** Opening PROVIDED RECORDS block **

(* Let $\mathbb{C}$ be a regular category. The following are equivalent: (i) $\mathbb{C}$ is a majority category. (ii) For any three reflexive relations $A,B,C$ on any object $X$, $(A\circ B)\cap(A\circ C)\leqslant A\circ(B\cap C)$. (iii) For any three reflexive relations $A,B,C$ on any object $X$, $A\cap(B\circ C)\leqslant (A\cap B)\circ(A\cap C)$. (iv) For any equivalence relations $\alpha,\beta,\gamma$ on any object $X$, $\alpha\cap(\beta\circ\gamma)=(\alpha\cap\beta)\circ(\alpha\cap\gamma)$. (v) For any effective equivalence relations $\alpha,\beta,\gamma$ on any object $X$, $\alpha\cap(\beta\circ\gamma)=(\alpha\cap\beta)\circ(\alpha\cap\gamma)$.
   Context: A category is regular if it has finite limits and coequalizers of kernel pairs and regular epimorphisms are pullback-stable; morphisms factor as regular epi followed by mono (image factorization). Relations on $X$ are subobjects of $X\times X$; reflexive if the diagonal factors through them; $\cap$ is intersection of subobjects (pullback). For $x:S\to X$ and a subobject $A$ of $X$, $x\in_S A$ means $x$ factors through a representative of $A$. The composite $R\circ S$ of relations $R$ (represented by $(r_1,r_2):R_0\to X\times Y$) and $S$ (represented by $(s_1,s_2):S_0\to Y\times Z$) is the image of $(r_1p_1,s_2p_2):P\to X\times Z$ where $(P,p_1,p_2)$ is the pullback of $s_1$ along $r_2$. An equivalence relation is effective if it is the kernel pair of some morphism. A ternary relation $R\leqslant X\times Y\times Z$ is majority-selecting if for all $S$ and $x,x':S\to X$, $y,y':S\to Y$, $z,z':S\to Z$: $(x,y,z')\in_S R$, $(x,y',z)\in_S R$, $(x',y,z)\in_S R$ imply $(x,y,z)\in_S R$; $\mathbb{C}$ is a majority category if every ternary relation in it is majority-selecting. *)

theory Defs
  imports Main
begin

record ('o,'a) cat =
  Ob :: "'o set"
  Ar :: "'a set"
  Dom :: "'a \<Rightarrow> 'o"
  Cod :: "'a \<Rightarrow> 'o"
  Id :: "'o \<Rightarrow> 'a"
  Comp :: "'a \<Rightarrow> 'a \<Rightarrow> 'a"   (* Comp C g f = g o f *)

definition hom :: "('o,'a,'m) cat_scheme \<Rightarrow> 'o \<Rightarrow> 'o \<Rightarrow> 'a set" where
  "hom C X Y = {f \<in> Ar C. Dom C f = X \<and> Cod C f = Y}"

definition category :: "('o,'a,'m) cat_scheme \<Rightarrow> bool" where
  "category C \<longleftrightarrow>
     (\<forall>f\<in>Ar C. Dom C f \<in> Ob C \<and> Cod C f \<in> Ob C) \<and>
     (\<forall>X\<in>Ob C. Id C X \<in> hom C X X) \<and>
     (\<forall>f\<in>Ar C. \<forall>g\<in>Ar C. Cod C f = Dom C g \<longrightarrow> Comp C g f \<in> hom C (Dom C f) (Cod C g)) \<and>
     (\<forall>f\<in>Ar C. Comp C f (Id C (Dom C f)) = f \<and> Comp C (Id C (Cod C f)) f = f) \<and>
     (\<forall>f\<in>Ar C. \<forall>g\<in>Ar C. \<forall>h\<in>Ar C. Cod C f = Dom C g \<longrightarrow> Cod C g = Dom C h \<longrightarrow>
        Comp C h (Comp C g f) = Comp C (Comp C h g) f)"

definition mono :: "('o,'a,'m) cat_scheme \<Rightarrow> 'a \<Rightarrow> bool" where
  "mono C m \<longleftrightarrow> m \<in> Ar C \<and>
     (\<forall>S\<in>Ob C. \<forall>u\<in>hom C S (Dom C m). \<forall>v\<in>hom C S (Dom C m).
        Comp C m u = Comp C m v \<longrightarrow> u = v)"

definition is_pullback :: "('o,'a,'m) cat_scheme \<Rightarrow> 'a \<Rightarrow> 'a \<Rightarrow> 'a \<Rightarrow> 'a \<Rightarrow> bool" where
  "is_pullback C f g p q \<longleftrightarrow>
     f \<in> Ar C \<and> g \<in> Ar C \<and> Cod C f = Cod C g \<and>
     p \<in> hom C (Dom C p) (Dom C f) \<and> q \<in> hom C (Dom C p) (Dom C g) \<and>
     Comp C f p = Comp C g q \<and>
     (\<forall>S\<in>Ob C. \<forall>p'\<in>hom C S (Dom C f). \<forall>q'\<in>hom C S (Dom C g).
        Comp C f p' = Comp C g q' \<longrightarrow>
        (\<exists>u\<in>hom C S (Dom C p). Comp C p u = p' \<and> Comp C q u = q' \<and>
           (\<forall>v\<in>hom C S (Dom C p). Comp C p v = p' \<and> Comp C q v = q' \<longrightarrow> v = u)))"

definition is_terminal :: "('o,'a,'m) cat_scheme \<Rightarrow> 'o \<Rightarrow> bool" where
  "is_terminal C T \<longleftrightarrow> T \<in> Ob C \<and> (\<forall>X\<in>Ob C. \<exists>f\<in>hom C X T. \<forall>g\<in>hom C X T. g = f)"

definition is_product :: "('o,'a,'m) cat_scheme \<Rightarrow> 'o \<Rightarrow> 'o \<Rightarrow> 'a \<Rightarrow> 'a \<Rightarrow> bool" where
  "is_product C X Y p1 p2 \<longleftrightarrow>
     p1 \<in> hom C (Dom C p1) X \<and> p2 \<in> hom C (Dom C p1) Y \<and>
     (\<forall>S\<in>Ob C. \<forall>f\<in>hom C S X. \<forall>g\<in>hom C S Y.
        (\<exists>u\<in>hom C S (Dom C p1). Comp C p1 u = f \<and> Comp C p2 u = g \<and>
           (\<forall>v\<in>hom C S (Dom C p1). Comp C p1 v = f \<and> Comp C p2 v = g \<longrightarrow> v = u)))"

definition is_equalizer :: "('o,'a,'m) cat_scheme \<Rightarrow> 'a \<Rightarrow> 'a \<Rightarrow> 'a \<Rightarrow> bool" where
  "is_equalizer C f g e \<longleftrightarrow>
     f \<in> Ar C \<and> g \<in> hom C (Dom C f) (Cod C f) \<and> e \<in> hom C (Dom C e) (Dom C f) \<and>
     Comp C f e = Comp C g e \<and>
     (\<forall>S\<in>Ob C. \<forall>h\<in>hom C S (Dom C f). Comp C f h = Comp C g h \<longrightarrow>
        (\<exists>u\<in>hom C S (Dom C e). Comp C e u = h \<and>
           (\<forall>v\<in>hom C S (Dom C e). Comp C e v = h \<longrightarrow> v = u)))"

definition has_finite_limits :: "('o,'a,'m) cat_scheme \<Rightarrow> bool" where
  "has_finite_limits C \<longleftrightarrow>
     (\<exists>T. is_terminal C T) \<and>
     (\<forall>X\<in>Ob C. \<forall>Y\<in>Ob C. \<exists>p1 p2. is_product C X Y p1 p2) \<and>
     (\<forall>f\<in>Ar C. \<forall>g\<in>hom C (Dom C f) (Cod C f). \<exists>e. is_equalizer C f g e)"

definition is_coequalizer :: "('o,'a,'m) cat_scheme \<Rightarrow> 'a \<Rightarrow> 'a \<Rightarrow> 'a \<Rightarrow> bool" where
  "is_coequalizer C f g c \<longleftrightarrow>
     f \<in> Ar C \<and> g \<in> hom C (Dom C f) (Cod C f) \<and> c \<in> hom C (Cod C f) (Cod C c) \<and>
     Comp C c f = Comp C c g \<and>
     (\<forall>Z\<in>Ob C. \<forall>h\<in>hom C (Cod C f) Z. Comp C h f = Comp C h g \<longrightarrow>
        (\<exists>u\<in>hom C (Cod C c) Z. Comp C u c = h \<and>
           (\<forall>v\<in>hom C (Cod C c) Z. Comp C v c = h \<longrightarrow> v = u)))"

definition regular_epi :: "('o,'a,'m) cat_scheme \<Rightarrow> 'a \<Rightarrow> bool" where
  "regular_epi C e \<longleftrightarrow> (\<exists>f g. is_coequalizer C f g e)"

** Closing PROVIDED RECORDS block **

#### WHAT YOU HAVE TO DO:
Copy out the lines above exactly, beginning at the one that contains "Comp C f e = Comp C g e \<and>" and ending at the one that contains "(\<exists>u\<in>hom C (Cod".

#### COMPLETED EXERCISE:
     Comp C f e = Comp C g e \<and>
     (\<forall>S\<in>Ob C. \<forall>h\<in>hom C S (Dom C f). Comp C f h = Comp C g h \<longrightarrow>
        (\<exists>u\<in>hom C S (Dom C e). Comp C e u = h \<and>
           (\<forall>v\<in>hom C S (Dom C e). Comp C e v = h \<longrightarrow> v = u)))"

definition has_finite_limits :: "('o,'a,'m) cat_scheme \<Rightarrow> bool" where
  "has_finite_limits C \<longleftrightarrow>
     (\<exists>T. is_terminal C T) \<and>
     (\<forall>X\<in>Ob C. \<forall>Y\<in>Ob C. \<exists>p1 p2. is_product C X Y p1 p2) \<and>
     (\<forall>f\<in>Ar C. \<forall>g\<in>hom C (Dom C f) (Cod C f). \<exists>e. is_equalizer C f g e)"

definition is_coequalizer :: "('o,'a,'m) cat_scheme \<Rightarrow> 'a \<Rightarrow> 'a \<Rightarrow> 'a \<Rightarrow> bool" where
  "is_coequalizer C f g c \<longleftrightarrow>
     f \<in> Ar C \<and> g \<in> hom C (Dom C f) (Cod C f) \<and> c \<in> hom C (Cod C f) (Cod C c) \<and>
     Comp C c f = Comp C c g \<and>
     (\<forall>Z\<in>Ob C. \<forall>h\<in>hom C (Cod C f) Z. Comp C h f = Comp C h g \<longrightarrow>
        (\<exists>u\<in>hom C (Cod C c) Z. Comp C u c = h \<and>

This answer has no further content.